_WHAT IS BEING ASKED:_
Give back exactly the lines of the material below that start at the line containing "(\<exists>q\<ge>1. class_U_q q" and end at the line containing "doubling_ereal (\<lambda>t. ereal", and no others.

★ ★ ★ ★ ★

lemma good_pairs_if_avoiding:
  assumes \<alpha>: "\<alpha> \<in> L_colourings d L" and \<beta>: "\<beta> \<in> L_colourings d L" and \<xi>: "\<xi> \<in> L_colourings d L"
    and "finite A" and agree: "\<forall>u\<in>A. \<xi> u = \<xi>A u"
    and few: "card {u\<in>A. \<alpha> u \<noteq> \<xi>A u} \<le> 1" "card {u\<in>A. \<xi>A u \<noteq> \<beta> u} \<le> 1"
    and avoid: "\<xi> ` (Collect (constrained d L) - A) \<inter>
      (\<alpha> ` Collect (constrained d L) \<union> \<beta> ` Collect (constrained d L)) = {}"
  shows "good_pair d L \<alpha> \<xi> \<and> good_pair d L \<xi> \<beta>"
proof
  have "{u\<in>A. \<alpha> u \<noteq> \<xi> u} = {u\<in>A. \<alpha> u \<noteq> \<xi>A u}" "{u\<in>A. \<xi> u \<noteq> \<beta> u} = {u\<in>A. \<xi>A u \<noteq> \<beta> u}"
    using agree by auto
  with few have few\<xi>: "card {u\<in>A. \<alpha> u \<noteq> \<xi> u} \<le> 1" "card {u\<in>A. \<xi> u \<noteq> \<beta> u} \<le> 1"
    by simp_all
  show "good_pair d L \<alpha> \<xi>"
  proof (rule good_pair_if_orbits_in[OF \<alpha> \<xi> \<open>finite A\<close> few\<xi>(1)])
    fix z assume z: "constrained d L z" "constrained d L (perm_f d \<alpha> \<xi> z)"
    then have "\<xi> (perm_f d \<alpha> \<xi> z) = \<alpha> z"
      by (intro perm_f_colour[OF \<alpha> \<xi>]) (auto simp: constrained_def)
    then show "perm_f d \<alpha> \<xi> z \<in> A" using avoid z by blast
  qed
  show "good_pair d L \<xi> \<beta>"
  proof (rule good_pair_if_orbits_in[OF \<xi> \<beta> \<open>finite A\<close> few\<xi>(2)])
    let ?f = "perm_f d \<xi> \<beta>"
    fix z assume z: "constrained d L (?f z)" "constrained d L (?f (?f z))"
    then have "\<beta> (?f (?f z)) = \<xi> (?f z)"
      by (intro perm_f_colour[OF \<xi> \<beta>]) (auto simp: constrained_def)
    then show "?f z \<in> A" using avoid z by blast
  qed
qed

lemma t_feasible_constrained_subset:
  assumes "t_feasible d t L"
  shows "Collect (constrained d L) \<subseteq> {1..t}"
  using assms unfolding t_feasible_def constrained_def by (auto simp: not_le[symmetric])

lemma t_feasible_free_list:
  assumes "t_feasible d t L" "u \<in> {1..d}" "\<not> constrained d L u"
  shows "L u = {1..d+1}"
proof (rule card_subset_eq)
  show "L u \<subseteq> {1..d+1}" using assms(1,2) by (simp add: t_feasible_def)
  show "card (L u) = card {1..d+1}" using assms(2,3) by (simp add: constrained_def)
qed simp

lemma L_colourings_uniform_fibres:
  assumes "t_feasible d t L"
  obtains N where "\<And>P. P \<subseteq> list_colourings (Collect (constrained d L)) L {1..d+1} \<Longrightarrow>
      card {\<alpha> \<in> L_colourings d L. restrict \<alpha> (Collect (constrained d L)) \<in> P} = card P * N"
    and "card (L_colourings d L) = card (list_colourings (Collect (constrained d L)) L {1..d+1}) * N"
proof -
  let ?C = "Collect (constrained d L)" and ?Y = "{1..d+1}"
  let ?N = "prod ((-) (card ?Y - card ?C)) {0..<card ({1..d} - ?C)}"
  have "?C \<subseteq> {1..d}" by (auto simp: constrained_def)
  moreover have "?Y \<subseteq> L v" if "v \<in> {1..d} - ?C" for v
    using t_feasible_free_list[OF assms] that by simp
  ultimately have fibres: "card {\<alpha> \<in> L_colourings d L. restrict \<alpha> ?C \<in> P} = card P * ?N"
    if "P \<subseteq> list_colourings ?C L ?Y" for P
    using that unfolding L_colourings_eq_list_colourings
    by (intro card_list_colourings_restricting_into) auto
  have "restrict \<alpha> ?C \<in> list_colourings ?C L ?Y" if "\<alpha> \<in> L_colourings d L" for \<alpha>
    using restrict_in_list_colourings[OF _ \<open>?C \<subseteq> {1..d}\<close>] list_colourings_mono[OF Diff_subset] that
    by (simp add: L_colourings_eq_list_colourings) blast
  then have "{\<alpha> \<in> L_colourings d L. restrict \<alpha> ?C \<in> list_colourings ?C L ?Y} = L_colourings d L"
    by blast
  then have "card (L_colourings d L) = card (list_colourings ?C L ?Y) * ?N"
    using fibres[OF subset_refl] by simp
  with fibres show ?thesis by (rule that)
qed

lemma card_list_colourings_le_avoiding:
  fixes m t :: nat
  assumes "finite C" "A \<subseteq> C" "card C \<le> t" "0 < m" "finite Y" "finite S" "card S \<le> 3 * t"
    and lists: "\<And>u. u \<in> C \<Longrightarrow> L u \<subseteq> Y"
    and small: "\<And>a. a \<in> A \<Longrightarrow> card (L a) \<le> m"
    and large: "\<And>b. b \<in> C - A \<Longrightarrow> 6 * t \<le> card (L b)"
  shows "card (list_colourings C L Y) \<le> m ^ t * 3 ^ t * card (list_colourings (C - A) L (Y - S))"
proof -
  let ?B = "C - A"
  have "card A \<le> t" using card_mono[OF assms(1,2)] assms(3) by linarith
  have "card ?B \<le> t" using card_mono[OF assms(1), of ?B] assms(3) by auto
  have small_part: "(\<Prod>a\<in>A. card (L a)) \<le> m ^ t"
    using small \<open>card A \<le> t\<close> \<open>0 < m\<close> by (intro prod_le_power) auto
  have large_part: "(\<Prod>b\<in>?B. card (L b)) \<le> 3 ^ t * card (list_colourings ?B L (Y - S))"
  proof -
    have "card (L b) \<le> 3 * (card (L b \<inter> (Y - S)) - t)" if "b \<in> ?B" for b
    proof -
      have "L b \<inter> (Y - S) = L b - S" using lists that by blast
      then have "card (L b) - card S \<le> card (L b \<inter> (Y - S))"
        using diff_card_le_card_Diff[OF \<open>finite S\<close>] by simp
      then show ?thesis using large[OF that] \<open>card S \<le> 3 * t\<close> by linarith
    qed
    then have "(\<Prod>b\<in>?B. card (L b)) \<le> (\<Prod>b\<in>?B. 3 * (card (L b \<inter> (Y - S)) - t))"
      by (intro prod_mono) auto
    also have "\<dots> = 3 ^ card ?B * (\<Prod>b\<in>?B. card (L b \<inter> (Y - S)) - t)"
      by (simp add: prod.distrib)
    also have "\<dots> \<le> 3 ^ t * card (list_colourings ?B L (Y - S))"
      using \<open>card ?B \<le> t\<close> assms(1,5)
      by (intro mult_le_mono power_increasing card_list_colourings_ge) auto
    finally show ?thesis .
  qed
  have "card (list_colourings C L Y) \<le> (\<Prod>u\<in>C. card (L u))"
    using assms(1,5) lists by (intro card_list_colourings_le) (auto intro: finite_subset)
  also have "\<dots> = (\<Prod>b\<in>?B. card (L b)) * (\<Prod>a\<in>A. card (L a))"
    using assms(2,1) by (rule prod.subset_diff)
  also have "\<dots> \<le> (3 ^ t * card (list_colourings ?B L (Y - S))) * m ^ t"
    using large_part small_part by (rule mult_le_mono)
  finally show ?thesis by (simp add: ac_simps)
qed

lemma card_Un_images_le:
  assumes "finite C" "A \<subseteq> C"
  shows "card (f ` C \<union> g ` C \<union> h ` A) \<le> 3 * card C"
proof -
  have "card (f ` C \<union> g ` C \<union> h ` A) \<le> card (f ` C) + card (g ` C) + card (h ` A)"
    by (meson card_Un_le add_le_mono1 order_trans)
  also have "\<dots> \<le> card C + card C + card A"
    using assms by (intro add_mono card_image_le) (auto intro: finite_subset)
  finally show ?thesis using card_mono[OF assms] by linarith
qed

★ ★ ★ ★ ★

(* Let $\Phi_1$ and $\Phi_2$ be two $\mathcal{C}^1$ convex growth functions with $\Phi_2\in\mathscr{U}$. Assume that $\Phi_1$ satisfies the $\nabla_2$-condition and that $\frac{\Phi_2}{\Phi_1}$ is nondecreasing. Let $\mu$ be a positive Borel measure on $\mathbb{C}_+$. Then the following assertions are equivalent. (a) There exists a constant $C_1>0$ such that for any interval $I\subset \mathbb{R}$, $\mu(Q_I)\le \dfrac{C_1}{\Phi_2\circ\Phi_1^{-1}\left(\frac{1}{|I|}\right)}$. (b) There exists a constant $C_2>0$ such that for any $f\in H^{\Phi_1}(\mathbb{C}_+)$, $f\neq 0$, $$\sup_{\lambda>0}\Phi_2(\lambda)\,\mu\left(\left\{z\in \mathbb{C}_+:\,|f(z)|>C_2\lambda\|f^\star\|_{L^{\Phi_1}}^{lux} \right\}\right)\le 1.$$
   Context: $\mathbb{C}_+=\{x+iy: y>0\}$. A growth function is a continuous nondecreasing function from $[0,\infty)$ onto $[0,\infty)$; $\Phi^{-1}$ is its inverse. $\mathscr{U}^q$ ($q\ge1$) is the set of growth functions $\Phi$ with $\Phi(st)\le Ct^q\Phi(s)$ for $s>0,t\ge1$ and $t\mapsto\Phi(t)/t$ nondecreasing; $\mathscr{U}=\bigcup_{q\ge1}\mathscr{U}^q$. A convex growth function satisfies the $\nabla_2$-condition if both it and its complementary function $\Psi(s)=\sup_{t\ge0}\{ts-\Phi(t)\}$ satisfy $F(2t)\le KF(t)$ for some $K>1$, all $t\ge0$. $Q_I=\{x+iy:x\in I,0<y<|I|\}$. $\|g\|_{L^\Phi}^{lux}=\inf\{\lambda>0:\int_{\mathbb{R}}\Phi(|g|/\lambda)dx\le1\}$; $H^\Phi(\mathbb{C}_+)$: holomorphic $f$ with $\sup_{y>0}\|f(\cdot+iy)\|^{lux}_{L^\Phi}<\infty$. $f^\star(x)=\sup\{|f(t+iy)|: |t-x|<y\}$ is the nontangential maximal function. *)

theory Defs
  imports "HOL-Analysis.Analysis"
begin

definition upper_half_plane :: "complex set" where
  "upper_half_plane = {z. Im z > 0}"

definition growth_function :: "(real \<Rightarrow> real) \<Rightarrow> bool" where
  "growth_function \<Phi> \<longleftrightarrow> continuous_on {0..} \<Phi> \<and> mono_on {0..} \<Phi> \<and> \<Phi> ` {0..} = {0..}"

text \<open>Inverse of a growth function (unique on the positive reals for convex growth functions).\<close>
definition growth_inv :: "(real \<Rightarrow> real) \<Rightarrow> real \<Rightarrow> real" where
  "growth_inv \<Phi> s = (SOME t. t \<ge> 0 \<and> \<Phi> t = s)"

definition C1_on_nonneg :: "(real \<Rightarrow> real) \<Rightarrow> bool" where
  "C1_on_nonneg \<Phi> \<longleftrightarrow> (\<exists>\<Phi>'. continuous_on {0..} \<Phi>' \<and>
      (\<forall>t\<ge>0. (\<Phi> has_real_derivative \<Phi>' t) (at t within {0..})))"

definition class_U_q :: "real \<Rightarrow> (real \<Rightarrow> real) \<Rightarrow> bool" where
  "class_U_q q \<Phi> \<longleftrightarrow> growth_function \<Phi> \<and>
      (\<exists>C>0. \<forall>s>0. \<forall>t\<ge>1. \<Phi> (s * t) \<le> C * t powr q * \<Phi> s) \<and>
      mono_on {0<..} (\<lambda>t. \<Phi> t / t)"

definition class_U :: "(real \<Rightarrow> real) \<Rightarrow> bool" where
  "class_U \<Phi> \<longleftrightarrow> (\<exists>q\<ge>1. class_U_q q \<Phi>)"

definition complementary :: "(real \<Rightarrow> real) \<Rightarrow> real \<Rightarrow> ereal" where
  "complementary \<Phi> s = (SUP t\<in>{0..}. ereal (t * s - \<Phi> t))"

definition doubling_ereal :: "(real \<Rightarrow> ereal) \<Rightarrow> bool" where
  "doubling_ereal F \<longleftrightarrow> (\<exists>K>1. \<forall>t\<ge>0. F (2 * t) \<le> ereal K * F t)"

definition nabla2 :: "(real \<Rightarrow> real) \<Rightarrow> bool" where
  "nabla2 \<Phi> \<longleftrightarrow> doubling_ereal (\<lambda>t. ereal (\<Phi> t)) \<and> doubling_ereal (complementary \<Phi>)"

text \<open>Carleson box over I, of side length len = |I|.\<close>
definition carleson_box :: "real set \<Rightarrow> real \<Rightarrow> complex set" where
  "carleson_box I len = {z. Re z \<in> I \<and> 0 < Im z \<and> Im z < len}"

★ ★ ★ ★ ★

_RESPONSE AREA:_
  "class_U \<Phi> \<longleftrightarrow> (\<exists>q\<ge>1. class_U_q q \<Phi>)"

definition complementary :: "(real \<Rightarrow> real) \<Rightarrow> real \<Rightarrow> ereal" where
  "complementary \<Phi> s = (SUP t\<in>{0..}. ereal (t * s - \<Phi> t))"

definition doubling_ereal :: "(real \<Rightarrow> ereal) \<Rightarrow> bool" where
  "doubling_ereal F \<longleftrightarrow> (\<exists>K>1. \<forall>t\<ge>0. F (2 * t) \<le> ereal K * F t)"

definition nabla2 :: "(real \<Rightarrow> real) \<Rightarrow> bool" where
  "nabla2 \<Phi> \<longleftrightarrow> doubling_ereal (\<lambda>t. ereal (\<Phi> t)) \<and> doubling_ereal (complementary \<Phi>)"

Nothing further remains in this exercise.